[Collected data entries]
lemma group_count_triple:
  assumes "a \<noteq> b" "a \<noteq> c" "b \<noteq> c"
  shows "group_count {a, b, c} v = of_bool (group_of a = group_of v) + of_bool (group_of b = group_of v)
    + of_bool (group_of c = group_of v)"
  using assms group_count_insert[of "{b, c}" a v] group_count_insert[of "{c}" b v] group_count_insert[of "{}" c v]
  by auto

lemma group_pairs_triple:
  assumes "a \<noteq> b" "a \<noteq> c" "b \<noteq> c"
  shows "group_pairs {a, b, c} = 2 * (of_bool (group_of a = group_of b) + of_bool (group_of a = group_of c)
    + of_bool (group_of b = group_of c))"
  using assms group_pairs_insert[of "{b, c}" a] group_pairs_doubleton[of b c]
    group_count_insert[of "{c}" b a] group_count_insert[of "{}" c a]
  by auto

lemma group_pairs_card_2: "card B = 2 \<Longrightarrow> group_pairs B \<in> {0, 2}"
  by (auto simp: card_2_iff group_pairs_doubleton)

lemma group_pairs_card_3: "card B = 3 \<Longrightarrow> group_pairs B \<in> {0, 2, 6}"
  by (auto simp: card_3_iff group_pairs_triple)

section \<open>Counting subsets by their same-group pairs\<close>

definition group_pair_sum :: "nat set \<Rightarrow> nat \<Rightarrow> (nat \<Rightarrow> nat) \<Rightarrow> nat" where
  "group_pair_sum X n h = (\<Sum>B\<in>subsets_of_size X n. h (group_pairs B))"

lemma group_pairs_Un_group:
  assumes "finite G" "g \<notin> G" "S \<in> subsets_of_size (group_users {g}) j" "B \<in> subsets_of_size (group_users G) k"
  shows "group_pairs (S \<union> B) = j * (j - 1) + group_pairs B"
proof -
  have S: "S \<subseteq> group_users {g}" "card S = j"
    using assms(3) by (simp_all add: subsets_of_size_def)
  have B: "B \<subseteq> group_users G" using assms(4) by (simp add: subsets_of_size_def)
  have "finite S" using S(1) by (rule finite_subset) (simp add: group_users_singleton)
  have "finite B" using B(1) finite_group_users[OF assms(1)] by (rule finite_subset)
  have gS: "group_of x = g" if "x \<in> S" for x
    using that S(1) group_of_group_users by blast
  have gB: "group_of y \<in> G" if "y \<in> B" for y
    using that B(1) group_of_group_users by blast
  have "group_pairs (S \<union> B) = group_pairs S + group_pairs B"
    using \<open>finite S\<close> \<open>finite B\<close> by (rule group_pairs_Un) (use gS gB assms(2) in force)
  moreover have "group_pairs S = j * (j - 1)"
    using group_pairs_one_group[OF \<open>finite S\<close>] gS S(2) by simp
  ultimately show ?thesis by simp
qed
lemma inv_into_gauge_op: "g \<in> fock_space \<Longrightarrow> inv_into fock_space gauge_op g = gauge_op_inv g"
  by (metis fock_unitary_closed fock_unitary_gauge_op_inv gauge_op_inv_gauge_op gauge_op_gauge_op_inv
      inj_on_inverseI inv_into_f_eq)

lemma gauge_op_basis_vec:
  "gauge_op (basis_vec m n) = (\<lambda>q. gauge_sign (m, n) * basis_vec (shift_b m n) (shift_c m n) q)"
proof (rule eq_on_shift_modes)
  fix m' n'
  have "shift_modes (m', n') = (shift_b m n, shift_c m n) \<longleftrightarrow> (m', n') = (m, n)"
    by (metis shift_modes_pair unshift_shift_modes)
  then show "gauge_op (basis_vec m n) (shift_modes (m', n'))
      = gauge_sign (m, n) * basis_vec (shift_b m n) (shift_c m n) (shift_modes (m', n'))"
    by (auto simp: basis_vec_def)
qed

lemma vac_image: "bdag (-1) (cdag 1 vac) = basis_vec {-1} {1}"
proof -
  have no_lower: "{i::int. i = -1 \<and> i < -1} = {}" "{j::int. j = 1 \<and> j < 1} = {}" by auto
  show ?thesis by (auto simp: fun_eq_iff bdag_def cdag_def vac_def basis_vec_def no_lower)
qed

lemma gauge_op_vac: "gauge_op vac = bdag (-1) (cdag 1 vac)"
proof -
  have "shift_b {} {} = {-1}" "shift_c {} {} = {1}" by (auto simp: shift_b_iff shift_c_iff)
  then show ?thesis unfolding vac_image by (simp add: vac_def gauge_op_basis_vec gauge_sign_empty)
qed

definition mode_op :: "(int set \<Rightarrow> int set \<Rightarrow> bool) \<Rightarrow> (int set \<Rightarrow> int set \<Rightarrow> nat)
    \<Rightarrow> (int set \<Rightarrow> int set \<Rightarrow> int set \<times> int set) \<Rightarrow> fvec \<Rightarrow> fvec" where
  "mode_op D s \<phi> f = (\<lambda>(m, n). if D m n then (-1) ^ s m n * f (\<phi> m n) else 0)"

lemma bdag_mode_op: "bdag k = mode_op (\<lambda>m n. k \<in> m) (\<lambda>m n. count_below m k) (\<lambda>m n. (m - {k}, n))"
  by (simp add: fun_eq_iff bdag_def mode_op_def count_below_def)

lemma bann_mode_op: "bann k = mode_op (\<lambda>m n. k \<notin> m) (\<lambda>m n. count_below m k) (\<lambda>m n. (insert k m, n))"
  by (simp add: fun_eq_iff bann_def mode_op_def count_below_def)

lemma cdag_mode_op:
  "cdag k = mode_op (\<lambda>m n. k \<in> n) (\<lambda>m n. card m + count_below n k) (\<lambda>m n. (m, n - {k}))"
  by (simp add: fun_eq_iff cdag_def mode_op_def count_below_def)

lemma cann_mode_op:
  "cann k = mode_op (\<lambda>m n. k \<notin> n) (\<lambda>m n. card m + count_below n k) (\<lambda>m n. (m, insert k n))"
  by (simp add: fun_eq_iff cann_def mode_op_def count_below_def)

lemma mode_op_fock_space:
  assumes f: "f \<in> fock_space"
    and inj: "\<And>m n m' n'. D m n \<Longrightarrow> D m' n' \<Longrightarrow> \<phi> m n = \<phi> m' n' \<Longrightarrow> m = m' \<and> n = n'"
    and fin: "\<And>m n. D m n \<Longrightarrow> finite (fst (\<phi> m n)) \<Longrightarrow> finite (snd (\<phi> m n)) \<Longrightarrow> finite m \<and> finite n"
  shows "mode_op D s \<phi> f \<in> fock_space"
proof (rule fock_spaceI)
  let ?C = "{(m, n). D m n}"
  have inj_on: "inj_on (case_prod \<phi>) ?C" using inj by (auto simp: inj_on_def)
  have "(\<lambda>p. (cmod (f p))\<^sup>2) summable_on (case_prod \<phi> ` ?C)"
    by (rule summable_on_subset[OF fock_space_summable[OF f]]) simp
  then have "(\<lambda>p. (cmod (f (case_prod \<phi> p)))\<^sup>2) summable_on ?C"
    by (simp add: summable_on_reindex[OF inj_on] o_def)
  then have "(\<lambda>p. (cmod (mode_op D s \<phi> f p))\<^sup>2) summable_on ?C"
    by (rule summable_on_cong[THEN iffD1, rotated]) (auto simp: mode_op_def norm_mult norm_power)
  then show "(\<lambda>p. (cmod (mode_op D s \<phi> f p))\<^sup>2) summable_on UNIV"
    by (rule summable_on_cong_neutral[THEN iffD1, rotated -1]) (auto simp: mode_op_def)
next
  fix p assume "mode_op D s \<phi> f p \<noteq> 0"
  then show "finite (fst p) \<and> finite (snd p)"
    using fin fock_space_finite[OF f] by (cases p) (auto simp: mode_op_def split: if_splits)
qed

### What you are asked to do
The entries above should be repeated exactly, every one of them.

### Response box
lemma group_count_triple:
  assumes "a \<noteq> b" "a \<noteq> c" "b \<noteq> c"
  shows "group_count {a, b, c} v = of_bool (group_of a = group_of v) + of_bool (group_of b = group_of v)
    + of_bool (group_of c = group_of v)"
  using assms group_count_insert[of "{b, c}" a v] group_count_insert[of "{c}" b v] group_count_insert[of "{}" c v]
  by auto

lemma group_pairs_triple:
  assumes "a \<noteq> b" "a \<noteq> c" "b \<noteq> c"
  shows "group_pairs {a, b, c} = 2 * (of_bool (group_of a = group_of b) + of_bool (group_of a = group_of c)
    + of_bool (group_of b = group_of c))"
  using assms group_pairs_insert[of "{b, c}" a] group_pairs_doubleton[of b c]
    group_count_insert[of "{c}" b a] group_count_insert[of "{}" c a]
  by auto

lemma group_pairs_card_2: "card B = 2 \<Longrightarrow> group_pairs B \<in> {0, 2}"
  by (auto simp: card_2_iff group_pairs_doubleton)

lemma group_pairs_card_3: "card B = 3 \<Longrightarrow> group_pairs B \<in> {0, 2, 6}"
  by (auto simp: card_3_iff group_pairs_triple)

section \<open>Counting subsets by their same-group pairs\<close>

definition group_pair_sum :: "nat set \<Rightarrow> nat \<Rightarrow> (nat \<Rightarrow> nat) \<Rightarrow> nat" where
  "group_pair_sum X n h = (\<Sum>B\<in>subsets_of_size X n. h (group_pairs B))"

lemma group_pairs_Un_group:
  assumes "finite G" "g \<notin> G" "S \<in> subsets_of_size (group_users {g}) j" "B \<in> subsets_of_size (group_users G) k"
  shows "group_pairs (S \<union> B) = j * (j - 1) + group_pairs B"
proof -
  have S: "S \<subseteq> group_users {g}" "card S = j"
    using assms(3) by (simp_all add: subsets_of_size_def)
  have B: "B \<subseteq> group_users G" using assms(4) by (simp add: subsets_of_size_def)
  have "finite S" using S(1) by (rule finite_subset) (simp add: group_users_singleton)
  have "finite B" using B(1) finite_group_users[OF assms(1)] by (rule finite_subset)
  have gS: "group_of x = g" if "x \<in> S" for x
    using that S(1) group_of_group_users by blast
  have gB: "group_of y \<in> G" if "y \<in> B" for y
    using that B(1) group_of_group_users by blast
  have "group_pairs (S \<union> B) = group_pairs S + group_pairs B"
    using \<open>finite S\<close> \<open>finite B\<close> by (rule group_pairs_Un) (use gS gB assms(2) in force)
  moreover have "group_pairs S = j * (j - 1)"
    using group_pairs_one_group[OF \<open>finite S\<close>] gS S(2) by simp
  ultimately show ?thesis by simp
qed
lemma inv_into_gauge_op: "g \<in> fock_space \<Longrightarrow> inv_into fock_space gauge_op g = gauge_op_inv g"
  by (metis fock_unitary_closed fock_unitary_gauge_op_inv gauge_op_inv_gauge_op gauge_op_gauge_op_inv
      inj_on_inverseI inv_into_f_eq)

lemma gauge_op_basis_vec:
  "gauge_op (basis_vec m n) = (\<lambda>q. gauge_sign (m, n) * basis_vec (shift_b m n) (shift_c m n) q)"
proof (rule eq_on_shift_modes)
  fix m' n'
  have "shift_modes (m', n') = (shift_b m n, shift_c m n) \<longleftrightarrow> (m', n') = (m, n)"
    by (metis shift_modes_pair unshift_shift_modes)
  then show "gauge_op (basis_vec m n) (shift_modes (m', n'))
      = gauge_sign (m, n) * basis_vec (shift_b m n) (shift_c m n) (shift_modes (m', n'))"
    by (auto simp: basis_vec_def)
qed

lemma vac_image: "bdag (-1) (cdag 1 vac) = basis_vec {-1} {1}"
proof -
  have no_lower: "{i::int. i = -1 \<and> i < -1} = {}" "{j::int. j = 1 \<and> j < 1} = {}" by auto
  show ?thesis by (auto simp: fun_eq_iff bdag_def cdag_def vac_def basis_vec_def no_lower)
qed

lemma gauge_op_vac: "gauge_op vac = bdag (-1) (cdag 1 vac)"
proof -
  have "shift_b {} {} = {-1}" "shift_c {} {} = {1}" by (auto simp: shift_b_iff shift_c_iff)
  then show ?thesis unfolding vac_image by (simp add: vac_def gauge_op_basis_vec gauge_sign_empty)
qed

definition mode_op :: "(int set \<Rightarrow> int set \<Rightarrow> bool) \<Rightarrow> (int set \<Rightarrow> int set \<Rightarrow> nat)
    \<Rightarrow> (int set \<Rightarrow> int set \<Rightarrow> int set \<times> int set) \<Rightarrow> fvec \<Rightarrow> fvec" where
  "mode_op D s \<phi> f = (\<lambda>(m, n). if D m n then (-1) ^ s m n * f (\<phi> m n) else 0)"

lemma bdag_mode_op: "bdag k = mode_op (\<lambda>m n. k \<in> m) (\<lambda>m n. count_below m k) (\<lambda>m n. (m - {k}, n))"
  by (simp add: fun_eq_iff bdag_def mode_op_def count_below_def)

lemma bann_mode_op: "bann k = mode_op (\<lambda>m n. k \<notin> m) (\<lambda>m n. count_below m k) (\<lambda>m n. (insert k m, n))"
  by (simp add: fun_eq_iff bann_def mode_op_def count_below_def)

lemma cdag_mode_op:
  "cdag k = mode_op (\<lambda>m n. k \<in> n) (\<lambda>m n. card m + count_below n k) (\<lambda>m n. (m, n - {k}))"
  by (simp add: fun_eq_iff cdag_def mode_op_def count_below_def)

lemma cann_mode_op:
  "cann k = mode_op (\<lambda>m n. k \<notin> n) (\<lambda>m n. card m + count_below n k) (\<lambda>m n. (m, insert k n))"
  by (simp add: fun_eq_iff cann_def mode_op_def count_below_def)

lemma mode_op_fock_space:
  assumes f: "f \<in> fock_space"
    and inj: "\<And>m n m' n'. D m n \<Longrightarrow> D m' n' \<Longrightarrow> \<phi> m n = \<phi> m' n' \<Longrightarrow> m = m' \<and> n = n'"
    and fin: "\<And>m n. D m n \<Longrightarrow> finite (fst (\<phi> m n)) \<Longrightarrow> finite (snd (\<phi> m n)) \<Longrightarrow> finite m \<and> finite n"
  shows "mode_op D s \<phi> f \<in> fock_space"
proof (rule fock_spaceI)
  let ?C = "{(m, n). D m n}"
  have inj_on: "inj_on (case_prod \<phi>) ?C" using inj by (auto simp: inj_on_def)
  have "(\<lambda>p. (cmod (f p))\<^sup>2) summable_on (case_prod \<phi> ` ?C)"
    by (rule summable_on_subset[OF fock_space_summable[OF f]]) simp
  then have "(\<lambda>p. (cmod (f (case_prod \<phi> p)))\<^sup>2) summable_on ?C"
    by (simp add: summable_on_reindex[OF inj_on] o_def)
  then have "(\<lambda>p. (cmod (mode_op D s \<phi> f p))\<^sup>2) summable_on ?C"
    by (rule summable_on_cong[THEN iffD1, rotated]) (auto simp: mode_op_def norm_mult norm_power)
  then show "(\<lambda>p. (cmod (mode_op D s \<phi> f p))\<^sup>2) summable_on UNIV"
    by (rule summable_on_cong_neutral[THEN iffD1, rotated -1]) (auto simp: mode_op_def)
next
  fix p assume "mode_op D s \<phi> f p \<noteq> 0"
  then show "finite (fst p) \<and> finite (snd p)"
    using fin fock_space_finite[OF f] by (cases p) (auto simp: mode_op_def split: if_splits)
qed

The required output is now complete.